EXERCISE PROMPT: Using the data below, show every line where the word "symmetric" occurs.

Records excerpted from a collection:
(* Let $\mathbb{F}$ be a field of characteristic $2$, $V$ a finite-dimensional $\mathbb{F}$-vector space and $b$ a non-degenerate symmetric bilinear form on $V$. Let $\mathcal{V}$ be a linear subspace of $\mathcal{S}_b$ all of whose elements are nilpotent. Let $x \in V\setminus\{0\}$ with $b(x,x)=0$, let $u \in \mathcal{V}$ with $b(x,u(x))=0$, and let $y \in \{x\}^\perp \setminus \mathbb{F}x$ be such that $x \wedge_b y \in \mathcal{V}$. Then $b_a(u(x), y) = 0$.
   Context: $\mathcal{S}_b$ is the space of $b$-symmetric endomorphisms of $V$ (those $u$ for which $(z,w)\mapsto b(z,u(w))$ is symmetric). $\{x\}^\perp=\{z\in V: b(x,z)=0\}$. For $x,y\in V$, $x \wedge_b y$ is the endomorphism $z \mapsto b(y,z)\,x - b(x,z)\,y$. With $Q(z)=b(z,z)$ and $\sqrt{\cdot}$ the (unique) square root in an algebraic closure $\overline{\mathbb{F}}$ of $\mathbb{F}$, the a-transform of $b$ is $b_a(z,w) := b(z,w) + \sqrt{Q(z)Q(w)} \in \overline{\mathbb{F}}$. *)

theory Defs
  imports Main "HOL-Algebra.Algebraic_Closure_Type"
begin

text \<open>Square root in the algebraic closure (unique in characteristic 2).\<close>
definition ac_sqrt :: "'a::field alg_closure \<Rightarrow> 'a alg_closure" where
  "ac_sqrt c = (THE s. s ^ 2 = c)"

ANSWER SPACE:
(* Let $\mathbb{F}$ be a field of characteristic $2$, $V$ a finite-dimensional $\mathbb{F}$-vector space and $b$ a non-degenerate symmetric bilinear form on $V$. Let $\mathcal{V}$ be a linear subspace of $\mathcal{S}_b$ all of whose elements are nilpotent. Let $x \in V\setminus\{0\}$ with $b(x,x)=0$, let $u \in \mathcal{V}$ with $b(x,u(x))=0$, and let $y \in \{x\}^\perp \setminus \mathbb{F}x$ be such that $x \wedge_b y \in \mathcal{V}$. Then $b_a(u(x), y) = 0$.
   Context: $\mathcal{S}_b$ is the space of $b$-symmetric endomorphisms of $V$ (those $u$ for which $(z,w)\mapsto b(z,u(w))$ is symmetric). $\{x\}^\perp=\{z\in V: b(x,z)=0\}$. For $x,y\in V$, $x \wedge_b y$ is the endomorphism $z \mapsto b(y,z)\,x - b(x,z)\,y$. With $Q(z)=b(z,z)$ and $\sqrt{\cdot}$ the (unique) square root in an algebraic closure $\overline{\mathbb{F}}$ of $\mathbb{F}$, the a-transform of $b$ is $b_a(z,w) := b(z,w) + \sqrt{Q(z)Q(w)} \in \overline{\mathbb{F}}$. *)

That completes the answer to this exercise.